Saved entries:

[Start of Attachment]

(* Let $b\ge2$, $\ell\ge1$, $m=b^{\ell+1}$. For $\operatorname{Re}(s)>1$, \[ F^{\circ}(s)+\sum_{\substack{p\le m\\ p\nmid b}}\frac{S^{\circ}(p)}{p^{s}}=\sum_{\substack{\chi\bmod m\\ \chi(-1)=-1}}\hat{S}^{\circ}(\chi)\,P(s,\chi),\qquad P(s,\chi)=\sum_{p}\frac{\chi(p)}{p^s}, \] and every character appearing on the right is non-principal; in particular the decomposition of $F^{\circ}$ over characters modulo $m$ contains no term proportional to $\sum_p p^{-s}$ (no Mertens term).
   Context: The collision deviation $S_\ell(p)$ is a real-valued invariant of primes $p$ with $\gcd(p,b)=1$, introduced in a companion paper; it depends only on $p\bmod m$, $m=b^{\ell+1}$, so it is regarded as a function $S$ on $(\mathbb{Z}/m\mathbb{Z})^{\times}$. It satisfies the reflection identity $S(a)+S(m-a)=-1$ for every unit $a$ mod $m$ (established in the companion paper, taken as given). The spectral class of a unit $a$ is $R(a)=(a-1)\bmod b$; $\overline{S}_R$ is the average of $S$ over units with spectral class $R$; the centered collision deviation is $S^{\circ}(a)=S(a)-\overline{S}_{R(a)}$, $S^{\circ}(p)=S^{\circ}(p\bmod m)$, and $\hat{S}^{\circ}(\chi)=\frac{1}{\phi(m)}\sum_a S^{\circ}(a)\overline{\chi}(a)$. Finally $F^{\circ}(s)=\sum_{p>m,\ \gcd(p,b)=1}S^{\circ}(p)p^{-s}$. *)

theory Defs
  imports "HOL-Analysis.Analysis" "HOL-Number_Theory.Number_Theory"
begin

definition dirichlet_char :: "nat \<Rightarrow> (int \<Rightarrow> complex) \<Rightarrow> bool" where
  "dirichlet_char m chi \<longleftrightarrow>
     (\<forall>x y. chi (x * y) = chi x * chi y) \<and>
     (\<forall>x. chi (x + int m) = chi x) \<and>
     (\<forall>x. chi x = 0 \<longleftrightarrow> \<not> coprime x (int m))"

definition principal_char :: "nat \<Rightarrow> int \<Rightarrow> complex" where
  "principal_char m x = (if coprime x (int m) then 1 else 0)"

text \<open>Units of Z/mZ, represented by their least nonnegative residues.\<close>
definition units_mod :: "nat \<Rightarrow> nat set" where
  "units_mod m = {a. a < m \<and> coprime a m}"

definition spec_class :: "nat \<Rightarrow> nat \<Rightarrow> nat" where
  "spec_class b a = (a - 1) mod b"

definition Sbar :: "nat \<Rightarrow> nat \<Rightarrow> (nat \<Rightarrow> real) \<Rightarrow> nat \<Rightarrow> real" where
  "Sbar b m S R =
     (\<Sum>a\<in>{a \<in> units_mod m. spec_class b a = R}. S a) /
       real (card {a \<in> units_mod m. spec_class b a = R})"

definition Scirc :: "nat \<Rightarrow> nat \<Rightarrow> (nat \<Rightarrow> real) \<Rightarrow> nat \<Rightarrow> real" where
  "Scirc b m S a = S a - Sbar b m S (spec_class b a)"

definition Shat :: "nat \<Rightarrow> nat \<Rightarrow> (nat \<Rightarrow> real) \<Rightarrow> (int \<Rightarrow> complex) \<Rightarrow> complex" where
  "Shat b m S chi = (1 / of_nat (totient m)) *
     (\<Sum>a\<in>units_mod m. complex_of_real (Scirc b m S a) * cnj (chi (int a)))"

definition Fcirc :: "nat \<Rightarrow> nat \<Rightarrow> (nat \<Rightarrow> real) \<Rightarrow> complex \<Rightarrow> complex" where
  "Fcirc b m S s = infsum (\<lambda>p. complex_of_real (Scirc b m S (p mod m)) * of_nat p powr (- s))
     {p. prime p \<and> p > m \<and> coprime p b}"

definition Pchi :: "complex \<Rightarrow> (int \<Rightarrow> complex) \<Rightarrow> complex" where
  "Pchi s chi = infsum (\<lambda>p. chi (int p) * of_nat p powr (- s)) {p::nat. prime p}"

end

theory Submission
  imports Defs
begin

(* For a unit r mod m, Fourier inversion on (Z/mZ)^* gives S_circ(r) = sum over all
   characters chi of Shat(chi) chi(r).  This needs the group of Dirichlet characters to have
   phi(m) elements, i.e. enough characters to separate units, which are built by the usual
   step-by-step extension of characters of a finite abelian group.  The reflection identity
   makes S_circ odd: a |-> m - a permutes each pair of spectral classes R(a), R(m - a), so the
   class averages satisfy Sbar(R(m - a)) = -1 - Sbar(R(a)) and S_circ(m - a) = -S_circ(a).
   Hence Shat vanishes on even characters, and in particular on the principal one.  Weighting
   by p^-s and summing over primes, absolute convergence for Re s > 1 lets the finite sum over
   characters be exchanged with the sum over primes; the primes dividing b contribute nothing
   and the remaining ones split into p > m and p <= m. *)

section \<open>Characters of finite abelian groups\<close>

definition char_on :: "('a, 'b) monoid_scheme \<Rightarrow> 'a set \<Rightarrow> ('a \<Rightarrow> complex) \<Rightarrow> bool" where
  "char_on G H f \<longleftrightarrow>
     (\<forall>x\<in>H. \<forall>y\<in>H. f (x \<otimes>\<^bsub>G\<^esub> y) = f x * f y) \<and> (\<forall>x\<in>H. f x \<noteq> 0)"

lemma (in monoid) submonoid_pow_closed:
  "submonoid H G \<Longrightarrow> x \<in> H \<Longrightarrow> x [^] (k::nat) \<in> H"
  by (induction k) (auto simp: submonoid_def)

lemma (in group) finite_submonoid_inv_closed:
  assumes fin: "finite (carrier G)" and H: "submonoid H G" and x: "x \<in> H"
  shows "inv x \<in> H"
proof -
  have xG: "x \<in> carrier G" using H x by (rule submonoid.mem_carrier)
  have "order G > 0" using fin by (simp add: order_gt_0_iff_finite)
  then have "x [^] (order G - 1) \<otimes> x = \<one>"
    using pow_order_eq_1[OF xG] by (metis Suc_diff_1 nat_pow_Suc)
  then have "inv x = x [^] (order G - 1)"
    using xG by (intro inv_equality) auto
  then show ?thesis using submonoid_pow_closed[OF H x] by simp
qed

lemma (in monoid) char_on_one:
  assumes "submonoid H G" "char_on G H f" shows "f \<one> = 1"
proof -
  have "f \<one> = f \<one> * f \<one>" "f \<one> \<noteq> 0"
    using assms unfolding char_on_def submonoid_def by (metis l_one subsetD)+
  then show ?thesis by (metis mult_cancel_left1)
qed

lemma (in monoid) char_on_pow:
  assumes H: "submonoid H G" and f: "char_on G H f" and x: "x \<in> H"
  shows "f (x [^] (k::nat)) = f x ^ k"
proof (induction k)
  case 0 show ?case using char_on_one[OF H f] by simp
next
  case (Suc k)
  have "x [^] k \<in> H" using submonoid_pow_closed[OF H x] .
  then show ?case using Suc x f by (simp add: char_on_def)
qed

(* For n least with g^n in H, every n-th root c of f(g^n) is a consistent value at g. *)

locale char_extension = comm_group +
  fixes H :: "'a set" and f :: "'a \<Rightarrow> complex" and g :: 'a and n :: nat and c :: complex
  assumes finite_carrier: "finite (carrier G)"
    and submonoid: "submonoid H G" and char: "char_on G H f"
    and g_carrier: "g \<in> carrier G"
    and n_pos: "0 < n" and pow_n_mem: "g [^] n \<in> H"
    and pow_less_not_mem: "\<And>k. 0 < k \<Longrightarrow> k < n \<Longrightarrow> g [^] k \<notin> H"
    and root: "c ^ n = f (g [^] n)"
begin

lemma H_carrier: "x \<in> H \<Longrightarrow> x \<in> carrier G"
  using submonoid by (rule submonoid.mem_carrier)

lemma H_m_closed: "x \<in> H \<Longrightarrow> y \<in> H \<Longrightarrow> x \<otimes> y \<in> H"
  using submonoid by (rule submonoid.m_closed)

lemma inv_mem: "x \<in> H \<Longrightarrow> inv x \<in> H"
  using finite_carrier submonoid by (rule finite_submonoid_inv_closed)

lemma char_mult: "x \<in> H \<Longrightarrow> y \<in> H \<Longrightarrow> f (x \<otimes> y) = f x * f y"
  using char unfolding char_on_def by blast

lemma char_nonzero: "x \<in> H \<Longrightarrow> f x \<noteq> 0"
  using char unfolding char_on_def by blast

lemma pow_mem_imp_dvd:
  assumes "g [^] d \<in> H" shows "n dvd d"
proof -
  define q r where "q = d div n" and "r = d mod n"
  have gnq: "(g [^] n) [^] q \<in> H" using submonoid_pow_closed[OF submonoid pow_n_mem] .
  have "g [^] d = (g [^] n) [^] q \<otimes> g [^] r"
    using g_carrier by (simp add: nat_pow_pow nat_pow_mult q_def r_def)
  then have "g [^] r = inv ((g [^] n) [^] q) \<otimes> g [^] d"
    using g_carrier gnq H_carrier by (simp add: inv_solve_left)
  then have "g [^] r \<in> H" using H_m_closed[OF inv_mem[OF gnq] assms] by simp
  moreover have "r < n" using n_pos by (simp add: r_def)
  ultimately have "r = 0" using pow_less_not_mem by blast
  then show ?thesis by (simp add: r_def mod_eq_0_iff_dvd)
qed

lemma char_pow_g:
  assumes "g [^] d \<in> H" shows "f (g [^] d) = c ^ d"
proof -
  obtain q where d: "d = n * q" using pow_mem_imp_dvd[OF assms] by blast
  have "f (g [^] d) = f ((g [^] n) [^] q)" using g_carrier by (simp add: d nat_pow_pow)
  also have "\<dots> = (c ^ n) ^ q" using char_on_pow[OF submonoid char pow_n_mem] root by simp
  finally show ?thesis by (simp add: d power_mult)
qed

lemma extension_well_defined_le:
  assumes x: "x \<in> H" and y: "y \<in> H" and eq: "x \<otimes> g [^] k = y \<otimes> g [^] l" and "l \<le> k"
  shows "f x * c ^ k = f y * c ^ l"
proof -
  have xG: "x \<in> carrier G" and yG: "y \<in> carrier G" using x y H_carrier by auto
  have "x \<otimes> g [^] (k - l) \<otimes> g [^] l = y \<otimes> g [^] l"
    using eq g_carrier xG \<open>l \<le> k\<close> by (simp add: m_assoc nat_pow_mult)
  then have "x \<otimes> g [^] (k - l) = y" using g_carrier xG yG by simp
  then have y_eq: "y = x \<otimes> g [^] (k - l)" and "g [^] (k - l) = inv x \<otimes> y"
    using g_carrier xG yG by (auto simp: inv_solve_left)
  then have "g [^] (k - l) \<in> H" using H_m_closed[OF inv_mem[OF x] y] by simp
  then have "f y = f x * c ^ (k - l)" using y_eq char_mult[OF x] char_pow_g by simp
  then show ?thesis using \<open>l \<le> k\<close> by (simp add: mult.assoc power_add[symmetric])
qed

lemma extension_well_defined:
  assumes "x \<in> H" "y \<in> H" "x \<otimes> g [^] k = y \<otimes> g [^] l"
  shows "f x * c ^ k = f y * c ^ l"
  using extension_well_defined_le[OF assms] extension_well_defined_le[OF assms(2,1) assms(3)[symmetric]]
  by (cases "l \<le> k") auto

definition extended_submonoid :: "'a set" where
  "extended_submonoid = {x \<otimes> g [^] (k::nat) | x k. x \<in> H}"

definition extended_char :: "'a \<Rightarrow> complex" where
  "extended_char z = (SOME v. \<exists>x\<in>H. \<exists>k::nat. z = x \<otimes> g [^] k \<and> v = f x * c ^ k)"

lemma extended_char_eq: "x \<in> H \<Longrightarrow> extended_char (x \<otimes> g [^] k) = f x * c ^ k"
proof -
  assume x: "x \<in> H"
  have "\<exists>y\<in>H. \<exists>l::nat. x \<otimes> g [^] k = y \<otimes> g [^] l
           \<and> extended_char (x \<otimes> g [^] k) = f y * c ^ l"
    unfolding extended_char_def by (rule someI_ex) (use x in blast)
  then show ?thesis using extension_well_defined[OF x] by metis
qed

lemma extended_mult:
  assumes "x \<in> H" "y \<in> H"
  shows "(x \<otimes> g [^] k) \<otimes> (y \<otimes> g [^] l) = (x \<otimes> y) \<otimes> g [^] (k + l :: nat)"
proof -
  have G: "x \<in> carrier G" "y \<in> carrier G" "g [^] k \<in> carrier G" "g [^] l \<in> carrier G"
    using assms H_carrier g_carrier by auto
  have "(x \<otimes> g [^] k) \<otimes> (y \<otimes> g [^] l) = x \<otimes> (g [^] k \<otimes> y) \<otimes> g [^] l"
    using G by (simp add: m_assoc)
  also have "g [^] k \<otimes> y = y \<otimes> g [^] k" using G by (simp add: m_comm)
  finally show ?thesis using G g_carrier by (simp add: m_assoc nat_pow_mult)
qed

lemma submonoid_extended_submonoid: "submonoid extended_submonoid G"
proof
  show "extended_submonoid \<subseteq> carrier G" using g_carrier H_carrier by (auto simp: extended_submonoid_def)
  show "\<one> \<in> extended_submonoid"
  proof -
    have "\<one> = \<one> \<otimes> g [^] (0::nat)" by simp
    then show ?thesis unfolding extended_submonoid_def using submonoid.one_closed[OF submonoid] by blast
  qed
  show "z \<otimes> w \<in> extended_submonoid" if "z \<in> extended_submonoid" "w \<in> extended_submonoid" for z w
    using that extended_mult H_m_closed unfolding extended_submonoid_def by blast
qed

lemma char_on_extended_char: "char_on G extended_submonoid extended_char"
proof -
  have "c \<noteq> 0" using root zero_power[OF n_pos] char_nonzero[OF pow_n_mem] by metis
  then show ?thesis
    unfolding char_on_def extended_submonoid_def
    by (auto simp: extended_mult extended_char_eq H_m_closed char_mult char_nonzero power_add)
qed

[End of Attachment]

BRIEF>
Each line of the data that has the string "rule" should be returned.

EXERCISE RESULT>
  have xG: "x \<in> carrier G" using H x by (rule submonoid.mem_carrier)
  using submonoid by (rule submonoid.mem_carrier)
  using submonoid by (rule submonoid.m_closed)
  using finite_carrier submonoid by (rule finite_submonoid_inv_closed)
    unfolding extended_char_def by (rule someI_ex) (use x in blast)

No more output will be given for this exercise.